- Task item
Reproduce the following entries exactly, leaving nothing out.

- Source information
(* Let $\zeta=e^{2\pi i/n}$. The matrices $\mathcal{S}=(\mathcal{S}_{\lambda\mu})$ and $\mathcal{T}=(\mathcal{T}_{\lambda\mu})$ indexed by $\lambda,\mu\in\mathcal{A}_{k,n}$, with $$\mathcal{S}_{\lambda\mu}=\sqrt{\frac{|S_\lambda|}{|S_\mu|}}\frac{m_\lambda(\zeta^\mu)}{n^{k/2}},\qquad \mathcal{T}_{\lambda\mu}=\delta_{\lambda\mu}\,\zeta^{-\frac{kn(n-1)}{24}}\prod_{i=1}^k\zeta^{\frac{\lambda_i(n-\lambda_i)}{2}},$$ satisfy $(\mathcal{S}\mathcal{T})^3=\mathcal{S}^2=\mathcal{C}$ with $\mathcal{C}_{\lambda\mu}=\delta_{\lambda\mu^*}$, $\mathcal{C}^2=\mathrm{Id}$, $\mathcal{S}^{-1}=\mathcal{S}^*$, $\mathcal{S}^*=\mathcal{C}\mathcal{S}=\mathcal{S}\mathcal{C}$ and $\mathcal{C}\mathcal{T}\mathcal{C}=\mathcal{T}$; in particular they yield a representation of (the double cover of) the modular group.
   Context: Fix $k,n\ge1$. $\mathcal{A}_{k,n}$ is the set of integer vectors $(\lambda_1,\dots,\lambda_k)$ with $n\ge\lambda_1\ge\cdots\ge\lambda_k>0$, regarded as functions $\mathbb{Z}\to\mathbb{Z}$ via $\lambda_{i+k}=\lambda_i-n$. $m_\lambda(\zeta^\mu)$ is the monomial symmetric polynomial of $(\lambda_1,\dots,\lambda_k)$ evaluated at $x_j=\zeta^{\mu_j}$; $|S_\lambda|=\prod_i m_i(\lambda)!$ where $m_i(\lambda)$ is the multiplicity of the part $i$. For rational $q$, $\zeta^q:=e^{2\pi iq/n}$. $\mathcal{S}^*$ is the conjugate transpose. For $\lambda\in\mathcal{A}_{k,n}$, $\lambda^*\in\mathcal{A}_{k,n}$ is defined as follows: let $\rho$ be the function $\mathbb{Z}\to\mathbb{Z}$ with $(\rho_1,\dots,\rho_k)=(n-\lambda_k,\dots,n-\lambda_1)$ and $\rho_{i+k}=\rho_i-n$; then $\lambda^*_i=\rho_{i-m}$ with $m=m_n(\lambda)$ (the image of $\rho$ under $\tau^{m}$, $\tau(j)=j-1$). *)

theory Defs
  imports "HOL-Analysis.Analysis" "HOL-Library.Multiset"
begin

text \<open>Partitions in A_{k,n}: integer lists (lambda_1,...,lambda_k), weakly decreasing,
  with n >= lambda_1 and lambda_k > 0. List position j (0-based) holds lambda_{j+1}.\<close>
definition Akn :: "nat \<Rightarrow> nat \<Rightarrow> int list set" where
  "Akn k n = {l. length l = k \<and> sorted_wrt (\<ge>) l \<and> (\<forall>x\<in>set l. 0 < x \<and> x \<le> int n)}"

definition zeta :: "nat \<Rightarrow> real \<Rightarrow> complex" where
  "zeta n q = exp (2 * of_real pi * \<i> * of_real q / of_nat n)"

text \<open>Extension of a list to a function Z -> Z, 1-indexed: f_{i+k} = f_i - n.\<close>
definition ext :: "nat \<Rightarrow> int list \<Rightarrow> int \<Rightarrow> int" where
  "ext n l i = l ! nat ((i - 1) mod int (length l)) - int n * ((i - 1) div int (length l))"

definition pstar :: "nat \<Rightarrow> int list \<Rightarrow> int list" where
  "pstar n l = (let rho = map (\<lambda>x. int n - x) (rev l);
                    m = int (count (mset l) (int n))
                in map (\<lambda>i. ext n rho (int i - m)) [1..<length l + 1])"

definition monomial_sym :: "int list \<Rightarrow> (nat \<Rightarrow> complex) \<Rightarrow> complex" where
  "monomial_sym l x = (\<Sum>\<alpha>\<in>{\<alpha>. mset \<alpha> = mset l}. \<Prod>j<length l. x j ^ nat (\<alpha> ! j))"

definition stab_card :: "int list \<Rightarrow> nat" where
  "stab_card l = (\<Prod>i\<in>set l. fact (count (mset l) i))"

definition Smat :: "nat \<Rightarrow> nat \<Rightarrow> int list \<Rightarrow> int list \<Rightarrow> complex" where
  "Smat k n l \<mu> = of_real (sqrt (real (stab_card l) / real (stab_card \<mu>)))
      * monomial_sym l (\<lambda>j. zeta n (of_int (\<mu> ! j)))
      / of_real (sqrt (real n) ^ k)"

definition Tmat :: "nat \<Rightarrow> nat \<Rightarrow> int list \<Rightarrow> int list \<Rightarrow> complex" where
  "Tmat k n l \<mu> = (if l = \<mu> then
      zeta n (- (real k * real n * (real n - 1) / 24))
      * (\<Prod>i<k. zeta n (of_int (l ! i * (int n - l ! i)) / 2))
    else 0)"

definition Cmat :: "nat \<Rightarrow> int list \<Rightarrow> int list \<Rightarrow> complex" where
  "Cmat n l \<mu> = (if l = pstar n \<mu> then 1 else 0)"

definition Idmat :: "int list \<Rightarrow> int list \<Rightarrow> complex" where
  "Idmat l \<mu> = (if l = \<mu> then 1 else 0)"

definition ctrans :: "('a \<Rightarrow> 'a \<Rightarrow> complex) \<Rightarrow> 'a \<Rightarrow> 'a \<Rightarrow> complex" where
  "ctrans M a b = cnj (M b a)"

definition mmult :: "'a set \<Rightarrow> ('a \<Rightarrow> 'a \<Rightarrow> complex) \<Rightarrow> ('a \<Rightarrow> 'a \<Rightarrow> complex) \<Rightarrow> 'a \<Rightarrow> 'a \<Rightarrow> complex" where
  "mmult I M N a b = (\<Sum>c\<in>I. M a c * N c b)"

definition meq :: "'a set \<Rightarrow> ('a \<Rightarrow> 'a \<Rightarrow> complex) \<Rightarrow> ('a \<Rightarrow> 'a \<Rightarrow> complex) \<Rightarrow> bool" where
  "meq I M N \<longleftrightarrow> (\<forall>a\<in>I. \<forall>b\<in>I. M a b = N a b)"

end

theory Submission
  imports Defs "HOL-Complex_Analysis.Complex_Analysis" "HOL-Real_Asymp.Real_Asymp"
    "HOL-Combinatorics.Multiset_Permutations"
begin

(* The four matrices are symmetric powers of kernels on the letters {1..n}, a model of Z/n:
   S comes from the Fourier kernel F a b = zeta^(ab) / sqrt n, S^* from its conjugate, T from the
   diagonal kernel a -> zeta^(-n(n-1)/24) zeta^(a(n-a)/2) and C from the reflection a -> -a.
   Taking symmetric powers is multiplicative, so every identity reduces to an identity between
   n x n kernels.  These follow from the orthogonality of characters, except (F T)^3 = F^2, which
   after completing the square is the quadratic Gauss sum
     sum_{c<N} exp(pi i c(N-c)/N) = sqrt N exp(pi i (N-1)/4).
   That is proved by Mordell's contour integration: exp(pi i z(N-z)/N) / (exp(2 pi i z) - 1) is
   integrated around a parallelogram with two sides of slope -1; the residues give the sum, the
   horizontal sides vanish in the limit, and the two slanted sides combine into a Fresnel-type
   integral of an entire Gaussian, whose value is fixed by the trivial case N = 1. *)

section \<open>The quadratic Gauss sum\<close>

definition gauss_phase :: "nat \<Rightarrow> complex \<Rightarrow> complex" where
  "gauss_phase N z = exp (of_real pi * \<i> * z * (of_nat N - z) / of_nat N)"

- Exercise result
(* Let $\zeta=e^{2\pi i/n}$. The matrices $\mathcal{S}=(\mathcal{S}_{\lambda\mu})$ and $\mathcal{T}=(\mathcal{T}_{\lambda\mu})$ indexed by $\lambda,\mu\in\mathcal{A}_{k,n}$, with $$\mathcal{S}_{\lambda\mu}=\sqrt{\frac{|S_\lambda|}{|S_\mu|}}\frac{m_\lambda(\zeta^\mu)}{n^{k/2}},\qquad \mathcal{T}_{\lambda\mu}=\delta_{\lambda\mu}\,\zeta^{-\frac{kn(n-1)}{24}}\prod_{i=1}^k\zeta^{\frac{\lambda_i(n-\lambda_i)}{2}},$$ satisfy $(\mathcal{S}\mathcal{T})^3=\mathcal{S}^2=\mathcal{C}$ with $\mathcal{C}_{\lambda\mu}=\delta_{\lambda\mu^*}$, $\mathcal{C}^2=\mathrm{Id}$, $\mathcal{S}^{-1}=\mathcal{S}^*$, $\mathcal{S}^*=\mathcal{C}\mathcal{S}=\mathcal{S}\mathcal{C}$ and $\mathcal{C}\mathcal{T}\mathcal{C}=\mathcal{T}$; in particular they yield a representation of (the double cover of) the modular group.
   Context: Fix $k,n\ge1$. $\mathcal{A}_{k,n}$ is the set of integer vectors $(\lambda_1,\dots,\lambda_k)$ with $n\ge\lambda_1\ge\cdots\ge\lambda_k>0$, regarded as functions $\mathbb{Z}\to\mathbb{Z}$ via $\lambda_{i+k}=\lambda_i-n$. $m_\lambda(\zeta^\mu)$ is the monomial symmetric polynomial of $(\lambda_1,\dots,\lambda_k)$ evaluated at $x_j=\zeta^{\mu_j}$; $|S_\lambda|=\prod_i m_i(\lambda)!$ where $m_i(\lambda)$ is the multiplicity of the part $i$. For rational $q$, $\zeta^q:=e^{2\pi iq/n}$. $\mathcal{S}^*$ is the conjugate transpose. For $\lambda\in\mathcal{A}_{k,n}$, $\lambda^*\in\mathcal{A}_{k,n}$ is defined as follows: let $\rho$ be the function $\mathbb{Z}\to\mathbb{Z}$ with $(\rho_1,\dots,\rho_k)=(n-\lambda_k,\dots,n-\lambda_1)$ and $\rho_{i+k}=\rho_i-n$; then $\lambda^*_i=\rho_{i-m}$ with $m=m_n(\lambda)$ (the image of $\rho$ under $\tau^{m}$, $\tau(j)=j-1$). *)

theory Defs
  imports "HOL-Analysis.Analysis" "HOL-Library.Multiset"
begin

text \<open>Partitions in A_{k,n}: integer lists (lambda_1,...,lambda_k), weakly decreasing,
  with n >= lambda_1 and lambda_k > 0. List position j (0-based) holds lambda_{j+1}.\<close>
definition Akn :: "nat \<Rightarrow> nat \<Rightarrow> int list set" where
  "Akn k n = {l. length l = k \<and> sorted_wrt (\<ge>) l \<and> (\<forall>x\<in>set l. 0 < x \<and> x \<le> int n)}"

definition zeta :: "nat \<Rightarrow> real \<Rightarrow> complex" where
  "zeta n q = exp (2 * of_real pi * \<i> * of_real q / of_nat n)"

text \<open>Extension of a list to a function Z -> Z, 1-indexed: f_{i+k} = f_i - n.\<close>
definition ext :: "nat \<Rightarrow> int list \<Rightarrow> int \<Rightarrow> int" where
  "ext n l i = l ! nat ((i - 1) mod int (length l)) - int n * ((i - 1) div int (length l))"

definition pstar :: "nat \<Rightarrow> int list \<Rightarrow> int list" where
  "pstar n l = (let rho = map (\<lambda>x. int n - x) (rev l);
                    m = int (count (mset l) (int n))
                in map (\<lambda>i. ext n rho (int i - m)) [1..<length l + 1])"

definition monomial_sym :: "int list \<Rightarrow> (nat \<Rightarrow> complex) \<Rightarrow> complex" where
  "monomial_sym l x = (\<Sum>\<alpha>\<in>{\<alpha>. mset \<alpha> = mset l}. \<Prod>j<length l. x j ^ nat (\<alpha> ! j))"

definition stab_card :: "int list \<Rightarrow> nat" where
  "stab_card l = (\<Prod>i\<in>set l. fact (count (mset l) i))"

definition Smat :: "nat \<Rightarrow> nat \<Rightarrow> int list \<Rightarrow> int list \<Rightarrow> complex" where
  "Smat k n l \<mu> = of_real (sqrt (real (stab_card l) / real (stab_card \<mu>)))
      * monomial_sym l (\<lambda>j. zeta n (of_int (\<mu> ! j)))
      / of_real (sqrt (real n) ^ k)"

definition Tmat :: "nat \<Rightarrow> nat \<Rightarrow> int list \<Rightarrow> int list \<Rightarrow> complex" where
  "Tmat k n l \<mu> = (if l = \<mu> then
      zeta n (- (real k * real n * (real n - 1) / 24))
      * (\<Prod>i<k. zeta n (of_int (l ! i * (int n - l ! i)) / 2))
    else 0)"

definition Cmat :: "nat \<Rightarrow> int list \<Rightarrow> int list \<Rightarrow> complex" where
  "Cmat n l \<mu> = (if l = pstar n \<mu> then 1 else 0)"

definition Idmat :: "int list \<Rightarrow> int list \<Rightarrow> complex" where
  "Idmat l \<mu> = (if l = \<mu> then 1 else 0)"

definition ctrans :: "('a \<Rightarrow> 'a \<Rightarrow> complex) \<Rightarrow> 'a \<Rightarrow> 'a \<Rightarrow> complex" where
  "ctrans M a b = cnj (M b a)"

definition mmult :: "'a set \<Rightarrow> ('a \<Rightarrow> 'a \<Rightarrow> complex) \<Rightarrow> ('a \<Rightarrow> 'a \<Rightarrow> complex) \<Rightarrow> 'a \<Rightarrow> 'a \<Rightarrow> complex" where
  "mmult I M N a b = (\<Sum>c\<in>I. M a c * N c b)"

definition meq :: "'a set \<Rightarrow> ('a \<Rightarrow> 'a \<Rightarrow> complex) \<Rightarrow> ('a \<Rightarrow> 'a \<Rightarrow> complex) \<Rightarrow> bool" where
  "meq I M N \<longleftrightarrow> (\<forall>a\<in>I. \<forall>b\<in>I. M a b = N a b)"

end

theory Submission
  imports Defs "HOL-Complex_Analysis.Complex_Analysis" "HOL-Real_Asymp.Real_Asymp"
    "HOL-Combinatorics.Multiset_Permutations"
begin

(* The four matrices are symmetric powers of kernels on the letters {1..n}, a model of Z/n:
   S comes from the Fourier kernel F a b = zeta^(ab) / sqrt n, S^* from its conjugate, T from the
   diagonal kernel a -> zeta^(-n(n-1)/24) zeta^(a(n-a)/2) and C from the reflection a -> -a.
   Taking symmetric powers is multiplicative, so every identity reduces to an identity between
   n x n kernels.  These follow from the orthogonality of characters, except (F T)^3 = F^2, which
   after completing the square is the quadratic Gauss sum
     sum_{c<N} exp(pi i c(N-c)/N) = sqrt N exp(pi i (N-1)/4).
   That is proved by Mordell's contour integration: exp(pi i z(N-z)/N) / (exp(2 pi i z) - 1) is
   integrated around a parallelogram with two sides of slope -1; the residues give the sum, the
   horizontal sides vanish in the limit, and the two slanted sides combine into a Fresnel-type
   integral of an entire Gaussian, whose value is fixed by the trivial case N = 1. *)

section \<open>The quadratic Gauss sum\<close>

definition gauss_phase :: "nat \<Rightarrow> complex \<Rightarrow> complex" where
  "gauss_phase N z = exp (of_real pi * \<i> * z * (of_nat N - z) / of_nat N)"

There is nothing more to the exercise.